Book Read Free

The Tattoo

Page 14

by Chris Mckinney


  I followed her and grabbed her arm. She turned around shivering. It was funny, I didn’t know what to tell her. It seemed like I had nothing good to say. I mean, I really believed she was being stupid about the whole thing. Sure, she had every right to be scared out of her fucking mind, but to hold me accountable? It seemed ridiculous. Besides, at the time, the way she was acting, it was pissing me off. But I didn’t want to tell her that. I stopped myself from saying anything. When she turned around, I just kind of looked at her in silence. When she tried to pull her arm away my grip tightened.

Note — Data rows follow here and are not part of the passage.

lemma integrable_inner_mult_inner_indicator:
  fixes C :: "'a::euclidean_space set"
  assumes "C \<in> sets lebesgue" "bounded C"
  shows "integrable lebesgue (\<lambda>u. (a \<bullet> u) * (b \<bullet> u) * indicator C u)"
proof -
  obtain B where "B > 0" and B: "\<And>u. u \<in> C \<Longrightarrow> norm u \<le> B"
    using \<open>bounded C\<close> by (auto simp: bounded_pos)
  have inner_le: "\<bar>v \<bullet> u\<bar> \<le> norm v * B" if "u \<in> C" for v u
    using Cauchy_Schwarz_ineq2[of v u] mult_left_mono[OF B[OF that], of "norm v"] by simp
  have "\<bar>(a \<bullet> u) * (b \<bullet> u)\<bar> \<le> (norm a * B) * (norm b * B)" if "u \<in> C" for u
    unfolding abs_mult using inner_le[OF that] \<open>B > 0\<close> by (intro mult_mono) auto
  then have "integrable lebesgue (\<lambda>u. indicator C u *\<^sub>R ((a \<bullet> u) * (b \<bullet> u)))"
    using assms bounded_set_imp_lmeasurable[OF assms(2,1)]
    by (intro integrableI_bounded_set_indicator[where B = "(norm a * B) * (norm b * B)"])
       (auto simp: fmeasurable_def intro: measurable_completion)
  then show ?thesis by (simp add: mult.commute)
qed

definition second_moment :: "'a::euclidean_space set \<Rightarrow> 'a \<Rightarrow> real" where
  "second_moment C \<xi> = (\<integral>u. (\<xi> \<bullet> u)\<^sup>2 * indicator C u \<partial>lebesgue)"

lemma second_moment_eq_sum:
  fixes C :: "'a::euclidean_space set"
  assumes "C \<in> sets lebesgue" "bounded C"
  shows "second_moment C \<xi> = (\<Sum>i\<in>Basis. \<Sum>j\<in>Basis.
            (\<xi> \<bullet> i) * (\<xi> \<bullet> j) * (\<integral>u. (i \<bullet> u) * (j \<bullet> u) * indicator C u \<partial>lebesgue))"
proof -
  have "(\<xi> \<bullet> u)\<^sup>2 = (\<Sum>i\<in>Basis. \<Sum>j\<in>Basis. (\<xi> \<bullet> i) * (\<xi> \<bullet> j) * ((i \<bullet> u) * (j \<bullet> u)))" for u
    unfolding euclidean_inner[of \<xi> u] power2_eq_square sum_product by (simp add: inner_commute mult_ac)
  then have "(\<xi> \<bullet> u)\<^sup>2 * indicator C u
      = (\<Sum>i\<in>Basis. \<Sum>j\<in>Basis. (\<xi> \<bullet> i) * (\<xi> \<bullet> j) * ((i \<bullet> u) * (j \<bullet> u) * indicator C u))" for u
    by (simp add: sum_distrib_right mult.assoc)
  then show ?thesis
    unfolding second_moment_def using integrable_inner_mult_inner_indicator[OF assms]
    by (simp add: Bochner_Integration.integral_sum integrable_sum)
qed

lemma continuous_second_moment:
  fixes C :: "'a::euclidean_space set"
  assumes "C \<in> sets lebesgue" "bounded C"
  shows "continuous_on A (second_moment C)"
  unfolding second_moment_eq_sum[OF assms, abs_def] by (intro continuous_intros)

lemma second_moment_scaleR: "second_moment C (a *\<^sub>R \<xi>) = a\<^sup>2 * second_moment C \<xi>"
  unfolding second_moment_def by (simp add: power_mult_distrib mult.assoc)

lemma second_moment_pos:
  fixes C :: "'a::euclidean_space set"
  assumes C: "C \<in> sets lebesgue" "bounded C" and "0 < measure lebesgue C" and "\<xi> \<noteq> 0"
  shows "0 < second_moment C \<xi>"
proof (rule ccontr)
  assume "\<not> 0 < second_moment C \<xi>"
  moreover have "0 \<le> second_moment C \<xi>"
    unfolding second_moment_def by (intro integral_nonneg_AE AE_I2) auto
  ultimately have "second_moment C \<xi> = 0" by simp
  then have "AE u in lebesgue. (\<xi> \<bullet> u)\<^sup>2 * indicator C u = 0"
    using integral_nonneg_eq_0_iff_AE[OF integrable_inner_mult_inner_indicator[OF C, of \<xi> \<xi>]]
    by (simp add: second_moment_def power2_eq_square)
  moreover have "AE u in lebesgue. \<xi> \<bullet> u \<noteq> 0"
    using negligible_hyperplane[of \<xi> 0] \<open>\<xi> \<noteq> 0\<close>
    by (intro AE_not_in[of "{u. \<xi> \<bullet> u = 0}", simplified]) (simp add: negligible_iff_null_sets)
  ultimately have "AE u in lebesgue. u \<notin> C"
    by eventually_elim (auto split: split_indicator)
  then have "emeasure lebesgue C = 0"
    using AE_iff_measurable[OF C(1), of "\<lambda>u. u \<notin> C"] by simp
  then show False
    using \<open>0 < measure lebesgue C\<close> by (simp add: measure_def)
qed

lemma second_moment_ge_sq_norm:
  fixes C :: "'a::euclidean_space set"
  assumes C: "C \<in> sets lebesgue" "bounded C" and "0 < measure lebesgue C"
  obtains m where "0 < m" "\<And>\<xi>. m * (norm \<xi>)\<^sup>2 \<le> second_moment C \<xi>"
proof -
  obtain e where e: "e \<in> sphere 0 1" and e_min: "\<And>u. u \<in> sphere 0 1 \<Longrightarrow> second_moment C e \<le> second_moment C u"
    using continuous_attains_inf[OF compact_sphere[of 0 1] _ continuous_second_moment[OF C]] by auto
  have "second_moment C e * (norm \<xi>)\<^sup>2 \<le> second_moment C \<xi>" for \<xi>
  proof (cases "\<xi> = 0")
    case False
    have "second_moment C \<xi> = second_moment C (norm \<xi> *\<^sub>R (\<xi> /\<^sub>R norm \<xi>))"
      using False by simp
    also have "\<dots> = (norm \<xi>)\<^sup>2 * second_moment C (\<xi> /\<^sub>R norm \<xi>)"
      by (rule second_moment_scaleR)
    finally have scale: "second_moment C \<xi> = (norm \<xi>)\<^sup>2 * second_moment C (\<xi> /\<^sub>R norm \<xi>)" .
    have "second_moment C e \<le> second_moment C (\<xi> /\<^sub>R norm \<xi>)"
      using False by (intro e_min) simp
    then show ?thesis
      unfolding scale by (metis mult.commute mult_left_mono zero_le_power2)
  qed (simp add: second_moment_def)
  moreover have "0 < second_moment C e"
    using e by (intro second_moment_pos[OF C \<open>0 < measure lebesgue C\<close>]) auto
  ultimately show ?thesis using that by blast
qed

lemma nn_integral_dilated_second_moment:
  fixes C :: "'a::euclidean_space set"
  assumes C: "C \<in> sets lebesgue" "bounded C" and "0 < c" "0 \<le> B"
  shows "(\<integral>\<^sup>+h. ennreal (B * ((\<xi> \<bullet> h)\<^sup>2 * indicator C (c *\<^sub>R h))) \<partial>lebesgue)
           = ennreal (B * (second_moment C \<xi> / c ^ (DIM('a) + 2)))"
proof -
  have [measurable]: "C \<in> sets lebesgue" "(\<lambda>u. (\<xi> \<bullet> u)\<^sup>2) \<in> borel_measurable lebesgue"
    using C by (auto intro: measurable_completion)
  have "(\<integral>\<^sup>+h. ennreal (B * ((\<xi> \<bullet> h)\<^sup>2 * indicator C (c *\<^sub>R h))) \<partial>lebesgue)
      = ennreal B * (\<integral>\<^sup>+h. ennreal ((\<xi> \<bullet> h)\<^sup>2 * indicator C (c *\<^sub>R h)) \<partial>lebesgue)"
    using \<open>0 \<le> B\<close> by (simp add: nn_integral_cmult[symmetric] ennreal_mult'[symmetric])
  also have "(\<integral>\<^sup>+h. ennreal ((\<xi> \<bullet> h)\<^sup>2 * indicator C (c *\<^sub>R h)) \<partial>lebesgue)
      = ennreal (\<bar>1 / c\<bar> ^ DIM('a))
          * (\<integral>\<^sup>+x. ennreal ((\<xi> \<bullet> ((1 / c) *\<^sub>R x))\<^sup>2 * indicator C (c *\<^sub>R ((1 / c) *\<^sub>R x))) \<partial>lebesgue)"
    using \<open>0 < c\<close> by (intro nn_integral_lebesgue_scaleR) auto
  also have "(\<lambda>x. ennreal ((\<xi> \<bullet> ((1 / c) *\<^sub>R x))\<^sup>2 * indicator C (c *\<^sub>R ((1 / c) *\<^sub>R x))))
      = (\<lambda>x. ennreal ((\<xi> \<bullet> x) * (\<xi> \<bullet> x) * indicator C x / c\<^sup>2))"
    using \<open>0 < c\<close> by (simp add: power2_eq_square)
  also have "(\<integral>\<^sup>+x. ennreal ((\<xi> \<bullet> x) * (\<xi> \<bullet> x) * indicator C x / c\<^sup>2) \<partial>lebesgue)
      = ennreal (second_moment C \<xi> / c\<^sup>2)"
    unfolding second_moment_def using integrable_inner_mult_inner_indicator[OF C, of \<xi> \<xi>]
    by (subst nn_integral_eq_integral) (auto simp: power2_eq_square)
  also have "ennreal B * (ennreal (\<bar>1 / c\<bar> ^ DIM('a)) * ennreal (second_moment C \<xi> / c\<^sup>2))
      = ennreal (B * (second_moment C \<xi> / c ^ (DIM('a) + 2)))"
    using \<open>0 < c\<close> \<open>0 \<le> B\<close>
    by (simp add: ennreal_mult'[symmetric] power_add power_one_over power2_eq_square mult_ac)
  finally show ?thesis .
qed

lemma sphere_cone_subset_cball: "S \<subseteq> sphere 0 1 \<Longrightarrow> sphere_cone S \<subseteq> cball 0 1"
  unfolding sphere_cone_def by auto

lemma sphere_measurable_cone:
  fixes \<Sigma> :: "(real^'n) set"
  assumes "sphere_measurable \<Sigma>"
  shows "\<Sigma> \<subseteq> sphere 0 1" "sphere_cone \<Sigma> \<in> sets lebesgue" "bounded (sphere_cone \<Sigma>)"
  using assms bounded_subset[OF bounded_cball sphere_cone_subset_cball]
  unfolding sphere_measurable_def by auto

lemma kernel_ge_on_dilated_cone:
  fixes \<xi> h :: "'a::real_inner"
  assumes "S \<subseteq> sphere 0 1" "\<forall>x\<in>S. \<eta> \<le> K x" "0 \<le> \<eta>" "0 \<le> p" "0 < c" "norm \<xi> \<le> c / 2"
    and "c *\<^sub>R h \<in> sphere_cone S"
  shows "h \<noteq> 0" "norm h \<le> 1 / c"
    and "c powr p * \<eta> * (\<xi> \<bullet> h)\<^sup>2 \<le> (1 - cos (2 * (\<xi> \<bullet> h))) / norm h powr p * K (h /\<^sub>R norm h)"
proof -
  obtain t x where tx: "c *\<^sub>R h = t *\<^sub>R x" "0 < t" "t \<le> 1" "x \<in> S"
    using \<open>c *\<^sub>R h \<in> sphere_cone S\<close> unfolding sphere_cone_def by blast
  have "norm x = 1" using tx(4) \<open>S \<subseteq> sphere 0 1\<close> by auto
  have h: "h = (t / c) *\<^sub>R x"
    using arg_cong[OF tx(1), of "scaleR (1 / c)"] \<open>0 < c\<close> by simp
  then have norm_h: "norm h = t / c" and direction: "h /\<^sub>R norm h = x"
    using \<open>norm x = 1\<close> \<open>0 < c\<close> \<open>0 < t\<close> by auto
  then show "h \<noteq> 0" "norm h \<le> 1 / c"
    using \<open>0 < c\<close> tx(2,3) by (auto simp: divide_right_mono)
  have "\<bar>\<xi> \<bullet> h\<bar> \<le> (c / 2) * (1 / c)"
    using \<open>norm h \<le> 1 / c\<close> \<open>norm \<xi> \<le> c / 2\<close> \<open>0 < c\<close>
    by (intro order_trans[OF Cauchy_Schwarz_ineq2 mult_mono]) auto
  then have "(\<xi> \<bullet> h)\<^sup>2 \<le> 1 - cos (2 * (\<xi> \<bullet> h))"
    using one_minus_cos_ge_sq_div_4[of "2 * (\<xi> \<bullet> h)"] \<open>0 < c\<close> by (simp add: power_mult_distrib)
  moreover have "c powr p \<le> 1 / norm h powr p"
  proof -
    have "norm h powr p \<le> (1 / c) powr p"
      using \<open>norm h \<le> 1 / c\<close> \<open>0 \<le> p\<close> by (intro powr_mono2) auto
    then show ?thesis
      using \<open>h \<noteq> 0\<close> \<open>0 < c\<close> by (simp add: powr_divide field_simps)
  qed
  moreover have "\<eta> \<le> K x" using tx(4) assms(2) by blast
  ultimately have "c powr p * \<eta> * (\<xi> \<bullet> h)\<^sup>2 \<le> (1 / norm h powr p) * K x * (1 - cos (2 * (\<xi> \<bullet> h)))"
    using \<open>0 \<le> \<eta>\<close> by (intro mult_mono) auto
  then show "c powr p * \<eta> * (\<xi> \<bullet> h)\<^sup>2 \<le> (1 - cos (2 * (\<xi> \<bullet> h))) / norm h powr p * K (h /\<^sub>R norm h)"
    by (simp add: direction mult_ac)
qed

  “I never would have left,” she said.

  “You’re leaving now.”

  She tried to twist her arm away but I wouldn’t let go. “You’re hurting me,” she said.

  “You’re hurting me.”

  “Deep down inside you want me to leave.”

  “Deep down inside I want you to stay.”

  When she laughed, I let go of her arm. My eyes were adjusting better to the night and I saw her smile. “We gotta put this out here right now,” she said. “What are we doing?”

  My thoughts flashed to my mother and father and I wondered if they went through a moment like this. I thought about how it might have been better if I let her go. I wanted to let her go. I wanted never to see her again. But I didn’t. I had made her stay when I grabbed her arm. I made her stay and I didn’t know what to say to her. It was like I was forcing a moment, a situation that I did not want to be in. I felt like she threw a net over me. The more I struggled against it, the more I was entangled. I looked at her car. I looked at the tinted driver’s side window. I tried to force my vision through the night, through the dark glass. I couldn’t see inside. In a moment, I decided to tell her the truth. “Fuck it,” I told myself, “she wants it out. I’ll tell her.”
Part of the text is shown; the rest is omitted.